[Stored data entries]
###

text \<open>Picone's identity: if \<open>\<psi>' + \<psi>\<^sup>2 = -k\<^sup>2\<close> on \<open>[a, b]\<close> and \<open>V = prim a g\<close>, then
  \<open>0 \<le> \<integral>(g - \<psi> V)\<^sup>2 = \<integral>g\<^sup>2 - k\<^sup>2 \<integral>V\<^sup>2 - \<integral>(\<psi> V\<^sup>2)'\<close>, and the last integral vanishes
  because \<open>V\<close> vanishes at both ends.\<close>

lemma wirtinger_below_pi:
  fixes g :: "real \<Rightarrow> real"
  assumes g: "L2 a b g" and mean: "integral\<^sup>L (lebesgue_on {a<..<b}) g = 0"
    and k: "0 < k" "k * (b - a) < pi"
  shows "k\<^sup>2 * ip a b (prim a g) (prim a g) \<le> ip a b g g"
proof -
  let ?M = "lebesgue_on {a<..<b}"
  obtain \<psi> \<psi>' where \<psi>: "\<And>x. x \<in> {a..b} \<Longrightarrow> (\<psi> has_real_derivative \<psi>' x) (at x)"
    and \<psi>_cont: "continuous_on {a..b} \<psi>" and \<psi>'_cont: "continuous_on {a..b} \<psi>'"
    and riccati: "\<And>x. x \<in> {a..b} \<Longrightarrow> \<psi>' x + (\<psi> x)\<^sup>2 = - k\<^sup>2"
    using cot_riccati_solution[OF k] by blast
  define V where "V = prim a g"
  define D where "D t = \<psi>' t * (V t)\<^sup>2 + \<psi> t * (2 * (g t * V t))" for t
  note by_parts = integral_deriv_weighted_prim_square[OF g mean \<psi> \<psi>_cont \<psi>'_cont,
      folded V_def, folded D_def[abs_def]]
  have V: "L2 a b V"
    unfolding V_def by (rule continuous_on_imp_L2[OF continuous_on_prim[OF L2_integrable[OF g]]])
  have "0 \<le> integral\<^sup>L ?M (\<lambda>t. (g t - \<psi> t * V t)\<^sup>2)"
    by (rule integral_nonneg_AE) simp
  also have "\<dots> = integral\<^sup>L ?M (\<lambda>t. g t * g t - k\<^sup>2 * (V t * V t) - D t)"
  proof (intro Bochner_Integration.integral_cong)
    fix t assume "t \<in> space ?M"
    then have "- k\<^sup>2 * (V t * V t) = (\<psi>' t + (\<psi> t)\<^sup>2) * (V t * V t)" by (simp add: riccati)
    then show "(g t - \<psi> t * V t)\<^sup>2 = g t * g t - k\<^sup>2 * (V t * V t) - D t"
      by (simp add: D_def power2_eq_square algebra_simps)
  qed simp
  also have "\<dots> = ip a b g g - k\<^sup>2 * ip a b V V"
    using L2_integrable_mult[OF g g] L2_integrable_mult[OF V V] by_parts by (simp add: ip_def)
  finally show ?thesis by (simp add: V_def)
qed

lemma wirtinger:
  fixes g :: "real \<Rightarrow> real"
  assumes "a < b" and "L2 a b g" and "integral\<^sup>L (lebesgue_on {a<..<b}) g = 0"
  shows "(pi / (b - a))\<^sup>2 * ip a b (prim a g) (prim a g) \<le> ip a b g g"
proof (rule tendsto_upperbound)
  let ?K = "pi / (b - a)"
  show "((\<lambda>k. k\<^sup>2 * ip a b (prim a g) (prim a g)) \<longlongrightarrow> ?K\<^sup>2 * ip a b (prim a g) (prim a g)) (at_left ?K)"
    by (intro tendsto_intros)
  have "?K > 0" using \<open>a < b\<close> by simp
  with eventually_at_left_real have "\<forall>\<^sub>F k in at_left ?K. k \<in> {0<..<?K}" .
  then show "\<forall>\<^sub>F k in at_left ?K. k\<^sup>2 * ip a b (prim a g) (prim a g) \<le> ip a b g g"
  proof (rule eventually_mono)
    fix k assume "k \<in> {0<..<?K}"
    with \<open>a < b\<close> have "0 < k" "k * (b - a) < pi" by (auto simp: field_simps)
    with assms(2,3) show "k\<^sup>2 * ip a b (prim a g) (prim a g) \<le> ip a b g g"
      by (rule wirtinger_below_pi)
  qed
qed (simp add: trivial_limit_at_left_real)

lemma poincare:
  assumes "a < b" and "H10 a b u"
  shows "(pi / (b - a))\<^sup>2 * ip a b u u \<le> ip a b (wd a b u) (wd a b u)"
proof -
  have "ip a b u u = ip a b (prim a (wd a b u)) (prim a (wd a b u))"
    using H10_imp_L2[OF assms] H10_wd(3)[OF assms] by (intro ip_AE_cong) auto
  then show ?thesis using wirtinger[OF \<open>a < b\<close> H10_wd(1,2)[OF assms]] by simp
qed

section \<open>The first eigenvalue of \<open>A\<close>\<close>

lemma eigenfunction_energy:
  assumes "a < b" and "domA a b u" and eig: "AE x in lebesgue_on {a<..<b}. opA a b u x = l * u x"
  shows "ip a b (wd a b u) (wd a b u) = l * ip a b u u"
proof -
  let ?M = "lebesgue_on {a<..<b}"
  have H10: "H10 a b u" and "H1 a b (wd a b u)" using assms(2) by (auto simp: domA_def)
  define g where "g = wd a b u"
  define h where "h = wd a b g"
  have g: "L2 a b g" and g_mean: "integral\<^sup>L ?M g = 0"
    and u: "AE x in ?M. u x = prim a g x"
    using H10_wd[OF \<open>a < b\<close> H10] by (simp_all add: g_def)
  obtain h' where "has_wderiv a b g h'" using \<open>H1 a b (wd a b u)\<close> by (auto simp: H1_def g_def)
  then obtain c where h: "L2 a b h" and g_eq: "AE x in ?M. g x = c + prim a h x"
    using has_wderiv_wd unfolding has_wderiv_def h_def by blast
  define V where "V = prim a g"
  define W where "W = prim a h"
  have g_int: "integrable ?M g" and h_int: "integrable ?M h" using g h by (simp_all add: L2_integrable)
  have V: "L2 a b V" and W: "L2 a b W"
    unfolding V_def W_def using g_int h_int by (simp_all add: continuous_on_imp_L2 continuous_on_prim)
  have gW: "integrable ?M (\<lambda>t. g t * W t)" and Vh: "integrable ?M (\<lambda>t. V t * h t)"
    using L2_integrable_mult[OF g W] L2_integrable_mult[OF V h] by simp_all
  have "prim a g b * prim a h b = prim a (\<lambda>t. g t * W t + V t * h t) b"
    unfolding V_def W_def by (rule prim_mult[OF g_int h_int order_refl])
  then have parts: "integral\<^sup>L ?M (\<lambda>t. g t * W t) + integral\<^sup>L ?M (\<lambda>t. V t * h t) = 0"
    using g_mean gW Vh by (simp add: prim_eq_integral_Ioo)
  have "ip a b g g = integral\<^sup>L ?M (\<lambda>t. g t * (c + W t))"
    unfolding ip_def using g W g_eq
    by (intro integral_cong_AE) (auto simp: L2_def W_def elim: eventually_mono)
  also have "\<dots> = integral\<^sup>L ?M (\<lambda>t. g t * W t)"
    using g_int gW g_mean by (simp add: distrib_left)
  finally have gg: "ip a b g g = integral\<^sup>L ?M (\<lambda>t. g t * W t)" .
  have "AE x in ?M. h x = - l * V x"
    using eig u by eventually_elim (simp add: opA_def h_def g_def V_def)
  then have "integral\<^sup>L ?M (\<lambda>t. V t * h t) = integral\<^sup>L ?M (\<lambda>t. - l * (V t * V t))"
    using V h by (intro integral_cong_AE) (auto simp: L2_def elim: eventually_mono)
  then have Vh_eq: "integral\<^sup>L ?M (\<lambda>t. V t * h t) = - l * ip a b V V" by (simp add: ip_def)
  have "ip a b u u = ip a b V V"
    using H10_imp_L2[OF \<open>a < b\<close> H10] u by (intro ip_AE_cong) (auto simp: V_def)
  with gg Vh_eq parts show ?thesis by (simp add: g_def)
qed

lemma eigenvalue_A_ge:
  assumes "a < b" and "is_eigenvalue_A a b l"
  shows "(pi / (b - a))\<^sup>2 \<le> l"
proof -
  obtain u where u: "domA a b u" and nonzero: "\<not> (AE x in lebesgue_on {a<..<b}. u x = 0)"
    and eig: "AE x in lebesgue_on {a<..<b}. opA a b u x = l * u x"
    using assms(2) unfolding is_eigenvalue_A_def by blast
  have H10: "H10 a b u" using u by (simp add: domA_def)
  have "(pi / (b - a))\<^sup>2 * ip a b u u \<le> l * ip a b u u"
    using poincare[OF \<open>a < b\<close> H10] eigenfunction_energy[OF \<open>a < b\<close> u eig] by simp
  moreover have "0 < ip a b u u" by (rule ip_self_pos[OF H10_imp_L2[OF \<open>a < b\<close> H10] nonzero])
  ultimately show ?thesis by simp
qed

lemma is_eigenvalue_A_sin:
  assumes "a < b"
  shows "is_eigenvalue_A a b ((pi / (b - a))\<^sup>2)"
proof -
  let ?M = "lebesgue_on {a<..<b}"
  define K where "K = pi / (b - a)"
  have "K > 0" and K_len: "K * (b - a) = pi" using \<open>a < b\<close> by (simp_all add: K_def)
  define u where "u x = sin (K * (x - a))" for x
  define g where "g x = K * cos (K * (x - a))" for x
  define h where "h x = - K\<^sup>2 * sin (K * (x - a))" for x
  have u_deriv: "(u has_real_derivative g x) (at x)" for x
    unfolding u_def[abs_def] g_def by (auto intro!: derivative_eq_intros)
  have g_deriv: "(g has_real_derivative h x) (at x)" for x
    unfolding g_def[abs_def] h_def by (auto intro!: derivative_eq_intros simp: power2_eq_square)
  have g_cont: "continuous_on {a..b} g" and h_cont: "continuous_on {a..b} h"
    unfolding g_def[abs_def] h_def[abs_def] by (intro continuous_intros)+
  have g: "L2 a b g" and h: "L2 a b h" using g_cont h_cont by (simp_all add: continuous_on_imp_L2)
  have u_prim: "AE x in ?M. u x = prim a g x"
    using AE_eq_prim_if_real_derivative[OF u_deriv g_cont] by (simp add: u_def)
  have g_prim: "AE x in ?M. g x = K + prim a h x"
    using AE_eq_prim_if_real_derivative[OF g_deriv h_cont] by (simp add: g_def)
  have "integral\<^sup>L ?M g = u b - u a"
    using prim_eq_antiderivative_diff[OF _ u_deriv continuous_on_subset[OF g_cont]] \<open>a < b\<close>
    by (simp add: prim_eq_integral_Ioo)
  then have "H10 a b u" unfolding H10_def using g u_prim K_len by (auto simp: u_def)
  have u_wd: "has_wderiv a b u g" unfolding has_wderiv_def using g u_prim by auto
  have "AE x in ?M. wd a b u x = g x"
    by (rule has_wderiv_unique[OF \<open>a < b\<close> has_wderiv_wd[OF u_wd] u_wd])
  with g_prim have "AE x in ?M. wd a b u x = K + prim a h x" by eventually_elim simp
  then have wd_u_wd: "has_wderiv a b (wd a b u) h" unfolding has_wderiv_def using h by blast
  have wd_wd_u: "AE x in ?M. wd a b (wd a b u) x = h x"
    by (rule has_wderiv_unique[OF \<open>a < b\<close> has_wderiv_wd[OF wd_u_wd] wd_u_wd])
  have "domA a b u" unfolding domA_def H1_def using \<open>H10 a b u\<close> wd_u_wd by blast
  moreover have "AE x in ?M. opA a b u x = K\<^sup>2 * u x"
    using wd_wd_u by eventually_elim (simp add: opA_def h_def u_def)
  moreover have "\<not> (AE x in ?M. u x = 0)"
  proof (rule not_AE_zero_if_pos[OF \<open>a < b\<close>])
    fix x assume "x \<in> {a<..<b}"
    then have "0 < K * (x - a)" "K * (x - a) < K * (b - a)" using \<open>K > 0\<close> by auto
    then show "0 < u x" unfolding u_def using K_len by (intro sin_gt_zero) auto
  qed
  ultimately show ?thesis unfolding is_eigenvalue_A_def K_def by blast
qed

###

Return only those lines that run from the one containing "wd_u_wd by blast" through the end of the entries, keeping each exactly as written.

● Answer section
  have "domA a b u" unfolding domA_def H1_def using \<open>H10 a b u\<close> wd_u_wd by blast
  moreover have "AE x in ?M. opA a b u x = K\<^sup>2 * u x"
    using wd_wd_u by eventually_elim (simp add: opA_def h_def u_def)
  moreover have "\<not> (AE x in ?M. u x = 0)"
  proof (rule not_AE_zero_if_pos[OF \<open>a < b\<close>])
    fix x assume "x \<in> {a<..<b}"
    then have "0 < K * (x - a)" "K * (x - a) < K * (b - a)" using \<open>K > 0\<close> by auto
    then show "0 < u x" unfolding u_def using K_len by (intro sin_gt_zero) auto
  qed
  ultimately show ?thesis unfolding is_eigenvalue_A_def K_def by blast
qed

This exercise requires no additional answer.